I now drink my coffee black. It is healthier this way, and now that I am used to it, I like it like this. Less fuss to prepare it in the morning, and no worries about not wanting to drink it because there is nothing in it. I sometimes drink green tea. I sometimes drink oolong tea in one of my THM drinks. I do not use cola as my main source of caffeine anymore.
I did not tell everyone about being a diabetic for a long time. I feared the food police. I learned this term from a diabetes educator. They are those people who immediately point out what is wrong with everything you eat. You are the person with diabetes, and everyone else thinks they are the expert. It is embarrassing to be an adult and have someone tell you that you shouldn’t eat that because you are a diabetic. Out loud. In front of a room full of people. Or to say that isn’t good for you, because it has sugar in it. People don’t mean any harm, I know it is being said because, on some level, they care about me as a person, and want me to be healthy. However, I am an adult, and this type of criticism is not positive, and can have very negative effects on my self-esteem.
I am a lot tougher than I look. Even if you find me bawling in a quiet place, it is not always because I am sad, it might be because I am SO ANGRY that I sprung a leak. It is a self-defense mechanism that I have had for most of my life, and I hate it. It is the quiet, private way to vent.
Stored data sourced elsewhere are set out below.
(* Let $1<p<\infty$, $n\ge1$, and let $f\in C([0,\infty))$, $g\in C^{0,1}([0,\infty))$ be strictly increasing with $f(0)=g(0)=0$; let $F(s)=\int_0^s f(t)\,dt$. Suppose that $$\int_1^\infty\frac{ds}{F(s)^{1/p}}<+\infty\qquad\text{or}\qquad\int_1^\infty\frac{s^{p-2}\,ds}{g(s)}<+\infty.$$ Let $v$ be any solution of $$\big(r^{n-1}(v')^{p-1}\big)'=r^{n-1}\big(f(v)+g(v')\big),\qquad v(0)=v_0>0,\quad v'(0)=0.$$ Then: (i) $v$ exists on a maximal interval $(0,R)$ with $0<R<\infty$, and $v'(r)\to\infty$ as $r\to R$; (ii) moreover, $v(r)\to\infty$ as $r\to R$ if and only if $\displaystyle\int_1^\infty\frac{s^{p-1}}{g(s)}\,ds=\infty$. *)

theory Defs
  imports "HOL-Analysis.Analysis"
begin

definition ivl0 :: "ereal \<Rightarrow> real set" where
  "ivl0 R = {r. 0 \<le> r \<and> ereal r < R}"

definition prim :: "(real \<Rightarrow> real) \<Rightarrow> real \<Rightarrow> real" where
  "prim f s = integral {0..s} f"

text \<open>(v, v') is a C^1 solution on [0,R) of
  (r^(n-1) (v')^(p-1))' = r^(n-1) (f(v) + g(v')), v(0)=v0, v'(0)=0.
  Since f and g are only given on [0,oo), we require v' \<ge> 0 (hence v \<ge> v0 > 0).\<close>
definition is_sol ::
  "real \<Rightarrow> nat \<Rightarrow> (real \<Rightarrow> real) \<Rightarrow> (real \<Rightarrow> real) \<Rightarrow> real \<Rightarrow> ereal
     \<Rightarrow> (real \<Rightarrow> real) \<Rightarrow> (real \<Rightarrow> real) \<Rightarrow> bool" where
  "is_sol p n f g v0 R v v' \<longleftrightarrow>
     0 < R \<and>
     (\<forall>r\<in>ivl0 R. (v has_real_derivative v' r) (at r within ivl0 R)) \<and>
     continuous_on (ivl0 R) v' \<and>
     v 0 = v0 \<and> v' 0 = 0 \<and>
     (\<forall>r\<in>ivl0 R. 0 \<le> v' r) \<and>
     (\<forall>r\<in>ivl0 R. 0 < r \<longrightarrow>
        ((\<lambda>s. s ^ (n - 1) * (v' s) powr (p - 1)) has_real_derivative
           r ^ (n - 1) * (f (v r) + g (v' r))) (at r))"
(* The reduction systems $(\mathcal T,\to_{\lambda j/{\tt CS}})$ and $(\mathcal T,\to_{\lambda j/{\tt o}})$ are both confluent and enjoy PSN (every $\beta$-strongly normalizing $\lambda$-term is strongly normalizing for $\to_{\lambda j/{\tt CS}}$, resp. $\to_{\lambda j/{\tt o}}$).
   Context: $\mathcal T$ is the set of $\lambda j$-terms, generated by $t,u::= x\mid \lambda x.t\mid t\,u\mid t[x/u]$; $\lambda x.t$ and $t[x/u]$ bind $x$ in $t$ (not in $u$), and terms are considered modulo $\alpha$-conversion. $\lambda$-terms are those without jumps. $\mathrm{fv}(t)$ is the set of free variables, $t\{x/u\}$ is capture-avoiding meta-level substitution, and $|t|_x$ is the number of free occurrences of $x$ in $t$. If $|t|_x=n\ge2$, $t_{[y]_x}$ denotes any term obtained from $t$ by replacing $k$ of the free occurrences of $x$ by a fresh variable $y$, for some $1\le k\le n-1$. ${\tt L}$ denotes a (possibly empty) list of jumps $[x_1/u_1]\dots[x_k/u_k]$. The rewriting rules, closed under all contexts, are: $({\tt dB})$ $(\lambda x.t){\tt L}\,u\to t[x/u]{\tt L}$ where no $x_i$ of ${\tt L}$ is free in $u$; $({\tt w})$ $t[x/u]\to t$ if $|t|_x=0$; $({\tt d})$ $t[x/u]\to t\{x/u\}$ if $|t|_x=1$; $({\tt c})$ $t[x/u]\to t_{[y]_x}[x/u][y/u]$ if $|t|_x\ge2$, $y$ fresh. $\to_{\lambda j}$ is the union of all four. $\equiv_{\tt CS}$ is the smallest equivalence closed under contexts containing $t[x/s][y/v]\sim t[y/v][x/s]$ whenever $x\notin\mathrm{fv}(v)$ and $y\notin\mathrm{fv}(s)$. $\equiv_{\tt o}$ is the smallest equivalence closed under contexts containing that equation together with $\lambda y.(t[x/s])\sim(\lambda y.t)[x/s]$ if $y\notin\mathrm{fv}(s)$, and $t[x/s]\,v\sim(t\,v)[x/s]$ if $x\notin\mathrm{fv}(v)$. For an equivalence ${\tt E}$, $t\to_{\lambda j/{\tt E}}u$ iff $t\equiv_{\tt E}t'\to_{\lambda j}u'\equiv_{\tt E}u$ for some $t',u'$. $\beta$-reduction is the contextual closure of $(\lambda x.t)u\to t\{x/u\}$. *)

theory Defs
  imports Main
begin

text \<open>lambda-j terms modulo alpha-conversion, represented with de Bruijn indices.
  Sub t u stands for t[x/u]: it binds index 0 in t (not in u).\<close>

datatype trm = Var nat | Lam trm | App trm trm | Sub trm trm

fun lift :: "nat \<Rightarrow> trm \<Rightarrow> trm" where
  "lift k (Var i) = (if i < k then Var i else Var (Suc i))"
| "lift k (Lam t) = Lam (lift (Suc k) t)"
| "lift k (App t u) = App (lift k t) (lift k u)"
| "lift k (Sub t u) = Sub (lift (Suc k) t) (lift k u)"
Other times I would eat my feelings. I would go buy junk food and regular cola and binge eat. How dare someone point at what I am eating when they are eating something just as unhealthy, or worse than what I am eating. They eat whatever they want, well so will I. The problem with that, other than me gaining weight, is that really I am only hurting myself. That other person doesn’t even know that they did something wrong. THEY THINK THEY ARE HELPING ME. They mean well, but if I am having a sugar low, I might actually NEED that candy I am crunching as fast as I can because my sugars are dropping. It can happen quite suddenly, and I now have juice boxes and suckers with me all of the time. I don’t use them unless I need them.
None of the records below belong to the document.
(* Let $k\ge3$, $d$ a positive integer, $\alpha=d/k$, $\beta>0$, $\lambda\in(0,1)$, and let $\eta_0$ be a probability measure on $[0,1]$ with $\eta_0(\mathrm dx)=\eta_0(\mathrm d(1-x))$. For any literals $\underline{\mathtt L}_a\in\{0,1\}^k$, $0\le a\le d$, the quantity $$\mathcal P\big(\delta_{\eta_0},\lambda;(\underline{\mathtt L}_a)_{0\le a\le d}\big):=\lambda^{-1}\log\mathbb E'\Big(\sum_{x\in\{0,1\}}\prod_{a=1}^d u_{a,\underline{\mathtt L}_a}(x)\Big)^{\lambda}-(k-1)\alpha\lambda^{-1}\log\mathbb E'\big(u_{\underline{\mathtt L}_0}\big)^{\lambda}$$ does not depend on $(\underline{\mathtt L}_a)_{0\le a\le d}$. Consequently, its average over $(\underline{\mathtt L}_a)_{0\le a\le d}$ i.i.d. uniform on $\{0,1\}^k$ equals its value at $\underline{\mathtt L}_a\equiv\underline 0$.
   Context: Identify a probability measure $\rho$ on $\{0,1\}$ with $\rho(1)\in[0,1]$. Let $(\rho_{a,j})_{a\ge0,j\ge1}$ be i.i.d. samples from $\eta_0$, and $\mathbb E'$ the expectation over them. For $\underline{\mathtt L}\in\{0,1\}^k$ and $\underline x\in\{0,1\}^k$, $\theta_{\underline{\mathtt L}}(\underline x)=(1-e^{-\beta})\big(\prod_{i=1}^k(\mathtt L_i\oplus x_i)+\prod_{i=1}^k(\mathtt L_i\oplus x_i\oplus1)\big)$. For $x\in\{0,1\}$: $u_{a,\underline{\mathtt L}}(x)=\sum_{\underline x\in\{0,1\}^k}\mathbb 1\{x_1=x\}(1-\theta_{\underline{\mathtt L}}(\underline x))\prod_{j=2}^k\rho_{a,j}(x_j)$ and $u_{\underline{\mathtt L}}=\sum_{\underline x\in\{0,1\}^k}(1-\theta_{\underline{\mathtt L}}(\underline x))\prod_{j=1}^k\rho_{0,j}(x_j)$. *)

theory Defs
  imports "HOL-Probability.Probability"
begin

text \<open>Binary values \{0,1\} are encoded as bool (False = 0, True = 1); xor is inequality.
  A sample r in [0,1] stands for the probability measure rho on \{0,1\} with rho(1) = r.\<close>

definition rho_pm :: "real \<Rightarrow> bool \<Rightarrow> real" where
  "rho_pm r x = (if x then r else 1 - r)"

definition cube :: "nat \<Rightarrow> (nat \<Rightarrow> bool) set" where
  "cube k = PiE {1..k} (\<lambda>_. UNIV)"

definition theta :: "nat \<Rightarrow> real \<Rightarrow> (nat \<Rightarrow> bool) \<Rightarrow> (nat \<Rightarrow> bool) \<Rightarrow> real" where
  "theta k \<beta> L x = (1 - exp (-\<beta>)) *
     ((\<Prod>i\<in>{1..k}. of_bool (L i \<noteq> x i)) + (\<Prod>i\<in>{1..k}. of_bool (L i = x i)))"

text \<open>u_{a,L}(x); the samples are rho :: nat \<times> nat \<Rightarrow> real, rho (a,j) = rho_{a,j}(1).\<close>
definition u_aL :: "nat \<Rightarrow> real \<Rightarrow> (nat \<times> nat \<Rightarrow> real) \<Rightarrow> nat \<Rightarrow> (nat \<Rightarrow> bool) \<Rightarrow> bool \<Rightarrow> real" where
  "u_aL k \<beta> \<rho> a L x = (\<Sum>xs\<in>cube k. of_bool (xs 1 = x) * (1 - theta k \<beta> L xs) *
       (\<Prod>j\<in>{2..k}. rho_pm (\<rho> (a, j)) (xs j)))"

definition u_L :: "nat \<Rightarrow> real \<Rightarrow> (nat \<times> nat \<Rightarrow> real) \<Rightarrow> (nat \<Rightarrow> bool) \<Rightarrow> real" where
  "u_L k \<beta> \<rho> L = (\<Sum>xs\<in>cube k. (1 - theta k \<beta> L xs) *
       (\<Prod>j\<in>{1..k}. rho_pm (\<rho> (0, j)) (xs j)))"

definition samples :: "nat \<Rightarrow> nat \<Rightarrow> real measure \<Rightarrow> (nat \<times> nat \<Rightarrow> real) measure" where
  "samples k d \<eta>0 = PiM ({0..d} \<times> {1..k}) (\<lambda>_. \<eta>0)"

definition Pfun :: "nat \<Rightarrow> nat \<Rightarrow> real \<Rightarrow> real \<Rightarrow> real measure \<Rightarrow> (nat \<Rightarrow> nat \<Rightarrow> bool) \<Rightarrow> real" where
  "Pfun k d \<beta> lam \<eta>0 L =
     ln (\<integral>\<rho>. (\<Sum>x\<in>UNIV. \<Prod>a\<in>{1..d}. u_aL k \<beta> \<rho> a (L a) x) powr lam \<partial>samples k d \<eta>0) / lam
     - real (k - 1) * (real d / real k) / lam *
       ln (\<integral>\<rho>. (u_L k \<beta> \<rho> (L 0)) powr lam \<partial>samples k d \<eta>0)"

end

theory Submission
  imports Defs
begin

text \<open>Replacing the cube variable x by x xor L (and, in u_aL, by x xor L xor L_1, which keeps
  x_1) turns theta_L into theta_0, because theta only sees the pattern L xor x up to global
  complement. The product weights then change only by rho_{a,j} being replaced by 1 - rho_{a,j}
  at the flipped coordinates, and by the symmetry of eta_0 this coordinatewise reflection
  preserves the law of the i.i.d. samples. Hence both expectations in P do not depend on the
  literals. Beyond the symmetry of eta_0 (and eta_0 being a Borel probability measure) the
  argument only needs k \<ge> 1.\<close>

lemma sum_cube_xor:
  "(\<Sum>xs\<in>cube k. f (\<lambda>i\<in>{1..k}. xs i \<noteq> M i)) = (\<Sum>xs\<in>cube k. f xs)"
  by (rule sum.reindex_bij_witness[where i="\<lambda>xs. \<lambda>i\<in>{1..k}. xs i \<noteq> M i"
                                      and j="\<lambda>xs. \<lambda>i\<in>{1..k}. xs i \<noteq> M i"])
     (auto simp: cube_def PiE_def extensional_def fun_eq_iff)

lemma theta_pattern_eq:
  assumes pattern: "\<And>i. i \<in> {1..k} \<Longrightarrow> (L' i \<noteq> x' i) = (c \<noteq> (L i \<noteq> x i))"
  shows "theta k \<beta> L' x' = theta k \<beta> L x"
proof -
  have ne: "(\<Prod>i\<in>{1..k}. of_bool (L' i \<noteq> x' i) :: real) = (\<Prod>i\<in>{1..k}. of_bool (c \<noteq> (L i \<noteq> x i)))"
    using pattern by (intro prod.cong refl arg_cong[of _ _ of_bool])
  have eq: "(\<Prod>i\<in>{1..k}. of_bool (L' i = x' i) :: real) = (\<Prod>i\<in>{1..k}. of_bool (c = (L i \<noteq> x i)))"
    using pattern by (intro prod.cong refl arg_cong[of _ _ of_bool]) blast
  show ?thesis
    unfolding theta_def ne eq by (cases c) (simp_all add: add.commute)
qed

lemma u_aL_normalize:
  assumes "k \<ge> 1"
    and "\<And>j. j \<in> {2..k} \<Longrightarrow> \<rho>' (a, j) = (if L j \<noteq> L 1 then 1 - \<rho> (a, j) else \<rho> (a, j))"
  shows "u_aL k \<beta> \<rho> a L x = u_aL k \<beta> \<rho>' a (\<lambda>_. False) x"
proof -
  let ?flip = "\<lambda>xs. \<lambda>i\<in>{1..k}. xs i \<noteq> (L i \<noteq> L 1)"
  have theta: "theta k \<beta> (\<lambda>_. False) (?flip xs) = theta k \<beta> L xs" for xs
    by (rule theta_pattern_eq[where c = "L 1"]) auto
  have weights: "(\<Prod>j\<in>{2..k}. rho_pm (\<rho>' (a, j)) (?flip xs j)) = (\<Prod>j\<in>{2..k}. rho_pm (\<rho> (a, j)) (xs j))" for xs
    using assms(2) by (intro prod.cong) (auto simp: rho_pm_def)
  have "u_aL k \<beta> \<rho>' a (\<lambda>_. False) x
      = (\<Sum>xs\<in>cube k. of_bool (?flip xs 1 = x) * (1 - theta k \<beta> (\<lambda>_. False) (?flip xs)) *
           (\<Prod>j\<in>{2..k}. rho_pm (\<rho>' (a, j)) (?flip xs j)))"
    unfolding u_aL_def by (rule sum_cube_xor [symmetric])
  also have "\<dots> = u_aL k \<beta> \<rho> a L x"
    unfolding u_aL_def theta weights using assms(1) by simp
  finally show ?thesis ..
qed

lemma u_L_normalize:
  assumes "\<And>j. j \<in> {1..k} \<Longrightarrow> \<rho>' (0, j) = (if L j then 1 - \<rho> (0, j) else \<rho> (0, j))"
  shows "u_L k \<beta> \<rho> L = u_L k \<beta> \<rho>' (\<lambda>_. False)"
proof -
  let ?flip = "\<lambda>xs. \<lambda>i\<in>{1..k}. xs i \<noteq> L i"
  have theta: "theta k \<beta> (\<lambda>_. False) (?flip xs) = theta k \<beta> L xs" for xs
    by (rule theta_pattern_eq[where c = False]) auto
  have weights: "(\<Prod>j\<in>{1..k}. rho_pm (\<rho>' (0, j)) (?flip xs j)) = (\<Prod>j\<in>{1..k}. rho_pm (\<rho> (0, j)) (xs j))" for xs
    using assms by (intro prod.cong) (auto simp: rho_pm_def)
  have "u_L k \<beta> \<rho>' (\<lambda>_. False)
      = (\<Sum>xs\<in>cube k. (1 - theta k \<beta> (\<lambda>_. False) (?flip xs)) *
           (\<Prod>j\<in>{1..k}. rho_pm (\<rho>' (0, j)) (?flip xs j)))"
    unfolding u_L_def by (rule sum_cube_xor [symmetric])
  also have "\<dots> = u_L k \<beta> \<rho> L"
    unfolding u_L_def theta weights ..
  finally show ?thesis ..
qed

lemma distr_PiM_componentwise:
  assumes "finite I" and "\<And>i. prob_space (M i)"
    and [measurable]: "\<And>i. i \<in> I \<Longrightarrow> g i \<in> M i \<rightarrow>\<^sub>M M i"
    and preserving: "\<And>i. i \<in> I \<Longrightarrow> distr (M i) (M i) (g i) = M i"
  shows "distr (PiM I M) (PiM I M) (\<lambda>x. \<lambda>i\<in>I. g i (x i)) = PiM I M"
proof -
  interpret product_prob_space M
    by (intro product_prob_spaceI) fact
  let ?g = "\<lambda>x. \<lambda>i\<in>I. g i (x i)"
  have g_measurable: "?g \<in> PiM I M \<rightarrow>\<^sub>M PiM I M"
    by measurable
  show ?thesis
  proof (rule PiM_eqI[OF \<open>finite I\<close>])
    fix A assume A: "\<And>i. i \<in> I \<Longrightarrow> A i \<in> sets (M i)"
    have "emeasure (distr (PiM I M) (PiM I M) ?g) (PiE I A)
        = emeasure (PiM I M) (?g -` PiE I A \<inter> space (PiM I M))"
      using A g_measurable by (intro emeasure_distr) (auto intro: sets_PiM_I_finite \<open>finite I\<close>)
    also have "?g -` PiE I A \<inter> space (PiM I M) = PiE I (\<lambda>i. g i -` A i \<inter> space (M i))"
      by (auto simp: space_PiM PiE_def Pi_def extensional_def)
    also have "emeasure (PiM I M) \<dots> = (\<Prod>i\<in>I. emeasure (M i) (g i -` A i \<inter> space (M i)))"
      using A by (intro emeasure_PiM \<open>finite I\<close>) (auto intro: measurable_sets)
    also have "\<dots> = (\<Prod>i\<in>I. emeasure (distr (M i) (M i) (g i)) (A i))"
      using A by (intro prod.cong emeasure_distr [symmetric]) auto
    also have "\<dots> = (\<Prod>i\<in>I. emeasure (M i) (A i))"
      using preserving by simp
    finally show "emeasure (distr (PiM I M) (PiM I M) ?g) (PiE I A) = (\<Prod>i\<in>I. emeasure (M i) (A i))" .
  qed simp
qed

lemma integral_PiM_reflect:
  fixes \<eta>0 :: "real measure" and f :: "('i \<Rightarrow> real) \<Rightarrow> real"
  assumes "prob_space \<eta>0" and sets_\<eta>0: "sets \<eta>0 = sets borel"
    and symmetric: "distr \<eta>0 borel (\<lambda>x. 1 - x) = \<eta>0" and "finite I"
    and f: "f \<in> borel_measurable (PiM I (\<lambda>_. \<eta>0))"
  shows "(\<integral>\<rho>. f (\<lambda>i\<in>I. if F i then 1 - \<rho> i else \<rho> i) \<partial>PiM I (\<lambda>_. \<eta>0)) = integral\<^sup>L (PiM I (\<lambda>_. \<eta>0)) f"
proof -
  define g where "g i = (if F i then (\<lambda>x::real. 1 - x) else (\<lambda>x. x))" for i
  have g_measurable [measurable]: "g i \<in> \<eta>0 \<rightarrow>\<^sub>M \<eta>0" for i
    unfolding g_def using measurable_cong_sets[OF sets_\<eta>0 sets_\<eta>0] by auto
  have "distr \<eta>0 \<eta>0 (\<lambda>x. 1 - x) = \<eta>0"
    using symmetric by (metis sets_\<eta>0 distr_cong)
  then have "distr \<eta>0 \<eta>0 (g i) = \<eta>0" for i
    by (simp add: g_def distr_id2)
  then have preserving: "distr (PiM I (\<lambda>_. \<eta>0)) (PiM I (\<lambda>_. \<eta>0)) (\<lambda>\<rho>. \<lambda>i\<in>I. g i (\<rho> i)) = PiM I (\<lambda>_. \<eta>0)"
    using assms by (intro distr_PiM_componentwise) auto
  have "(\<integral>\<rho>. f (\<lambda>i\<in>I. if F i then 1 - \<rho> i else \<rho> i) \<partial>PiM I (\<lambda>_. \<eta>0))
      = (\<integral>\<rho>. f (\<lambda>i\<in>I. g i (\<rho> i)) \<partial>PiM I (\<lambda>_. \<eta>0))"
    by (intro Bochner_Integration.integral_cong refl arg_cong[where f=f]) (auto simp: g_def)
  also have "\<dots> = integral\<^sup>L (distr (PiM I (\<lambda>_. \<eta>0)) (PiM I (\<lambda>_. \<eta>0)) (\<lambda>\<rho>. \<lambda>i\<in>I. g i (\<rho> i))) f"
    using f by (intro integral_distr [symmetric]) measurable
  finally show ?thesis
    unfolding preserving .
qed

text \<open>Off I the component is constantly undefined, so the measurability prover can handle the
  integrands of P without knowing that their indices lie in \{0..d\} \<times> \{1..k\}.\<close>

lemma measurable_PiM_component_borel [measurable]:
  fixes N :: "real measure"
  assumes "sets N = sets borel"
  shows "(\<lambda>x. x i) \<in> borel_measurable (PiM I (\<lambda>_. N))"
proof (cases "i \<in> I")
  case True
  then show ?thesis
    using measurable_component_singleton[OF True, of "\<lambda>_. N"] measurable_cong_sets[OF refl assms] by metis
next
  case False
  then have "x i = undefined" if "x \<in> space (PiM I (\<lambda>_. N))" for x
    using that by (auto simp: space_PiM PiE_def extensional_def)
  then show ?thesis
    by (subst measurable_cong[where g="\<lambda>_. undefined"]) auto
qed

lemma Pfun_eq_Pfun_zero_literals:
  fixes \<eta>0 :: "real measure"
  assumes "k \<ge> 1" and "prob_space \<eta>0" and "sets \<eta>0 = sets borel"
    and "distr \<eta>0 borel (\<lambda>x. 1 - x) = \<eta>0"
  shows "Pfun k d \<beta> lam \<eta>0 L = Pfun k d \<beta> lam \<eta>0 (\<lambda>a i. False)"
proof -
  let ?I = "{0..d} \<times> {1..k}"
  have samples: "samples k d \<eta>0 = PiM ?I (\<lambda>_. \<eta>0)"
    by (simp add: samples_def)
  have first:
    "(\<integral>\<rho>. (\<Sum>x\<in>UNIV. \<Prod>a\<in>{1..d}. u_aL k \<beta> \<rho> a (L a) x) powr lam \<partial>samples k d \<eta>0)
   = (\<integral>\<rho>. (\<Sum>x\<in>UNIV. \<Prod>a\<in>{1..d}. u_aL k \<beta> \<rho> a (\<lambda>_. False) x) powr lam \<partial>samples k d \<eta>0)"
    (is "?lhs = ?rhs")
  proof -
    have "?lhs = (\<integral>\<rho>. (\<Sum>x\<in>UNIV. \<Prod>a\<in>{1..d}. u_aL k \<beta>
                  (\<lambda>i\<in>?I. if L (fst i) (snd i) \<noteq> L (fst i) 1 then 1 - \<rho> i else \<rho> i) a (\<lambda>_. False) x)
                powr lam \<partial>samples k d \<eta>0)"
      by (intro Bochner_Integration.integral_cong refl arg_cong[where f="\<lambda>t. t powr lam"]
            sum.cong prod.cong u_aL_normalize \<open>k \<ge> 1\<close>) auto
    also have "\<dots> = ?rhs"
      unfolding samples using assms
      by (intro integral_PiM_reflect) (auto simp: u_aL_def rho_pm_def)
    finally show ?thesis .
  qed
  have second:
    "(\<integral>\<rho>. u_L k \<beta> \<rho> (L 0) powr lam \<partial>samples k d \<eta>0)
   = (\<integral>\<rho>. u_L k \<beta> \<rho> (\<lambda>_. False) powr lam \<partial>samples k d \<eta>0)"
    (is "?lhs = ?rhs")
  proof -
    have "?lhs = (\<integral>\<rho>. u_L k \<beta> (\<lambda>i\<in>?I. if L 0 (snd i) then 1 - \<rho> i else \<rho> i) (\<lambda>_. False) powr lam
                   \<partial>samples k d \<eta>0)"
      by (intro Bochner_Integration.integral_cong refl arg_cong[where f="\<lambda>t. t powr lam"] u_L_normalize) auto
    also have "\<dots> = ?rhs"
      unfolding samples using assms
      by (intro integral_PiM_reflect) (auto simp: u_L_def rho_pm_def)
    finally show ?thesis .
  qed
  show ?thesis
    unfolding Pfun_def first second ..
qed

lemma card_literal_families: "card (PiE {0..d} (\<lambda>_. cube k)) = 2 ^ (k * (d + 1))"
  by (simp add: card_PiE cube_def power_mult power_add)

theorem lemma2p3:
  fixes k d :: nat and \<beta> lam :: real and \<eta>0 :: "real measure"
  assumes "k \<ge> 3" and "d \<ge> 1" and "\<beta> > 0" and "0 < lam" and "lam < 1"
    and "prob_space \<eta>0" and "sets \<eta>0 = sets borel" and "measure \<eta>0 {0..1} = 1"
    and "distr \<eta>0 borel (\<lambda>x. 1 - x) = \<eta>0"
  shows "(\<forall>L L'. Pfun k d \<beta> lam \<eta>0 L = Pfun k d \<beta> lam \<eta>0 L') \<and>
         (\<Sum>L\<in>PiE {0..d} (\<lambda>_. cube k). Pfun k d \<beta> lam \<eta>0 L) / 2 ^ (k * (d + 1))
           = Pfun k d \<beta> lam \<eta>0 (\<lambda>a i. False)"
proof -
  have independent: "Pfun k d \<beta> lam \<eta>0 L = Pfun k d \<beta> lam \<eta>0 (\<lambda>a i. False)" for L
    using assms by (intro Pfun_eq_Pfun_zero_literals) auto
  have "(\<Sum>L\<in>PiE {0..d} (\<lambda>_. cube k). Pfun k d \<beta> lam \<eta>0 L)
      = (\<Sum>L\<in>PiE {0..d} (\<lambda>_. cube k). Pfun k d \<beta> lam \<eta>0 (\<lambda>a i. False))"
    using independent by (rule sum.cong[OF refl])
  also have "\<dots> = 2 ^ (k * (d + 1)) * Pfun k d \<beta> lam \<eta>0 (\<lambda>a i. False)"
    by (simp add: card_literal_families)
  finally show ?thesis
    using independent by (metis nonzero_mult_div_cancel_left power_not_zero zero_neq_numeral)
qed

end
Maybe I have made plans to take extra insulin because I wanted a treat. I want to be normal, and eat like other people do. I am not, and that is why I am trying SO HARD to change. I have learned that if I give in a little when I have a craving, I won’t be as likely to binge eat as I would if I suppress it. So I do have things that are not on the diabetic diet. I am human. It is more convenient to grab something quick sometimes. I am working on that, just like I am working on me. Most of the time I make healthy choices. So when you see me eating something that isn’t one of those choices, let me be. I know the consequences of my actions, and I will recover to my sensibilities when I am ready.
Just like no person is the same as any other person, no person with diabetes is the same as every other person with diabetes, and no person has the exact same issues with weight that every other person has. That is why it is important for me to write about how I feel, and to share the stories of other people and their issues with weight. We all are experiencing life as a journey, but we still forge our own paths as individuals.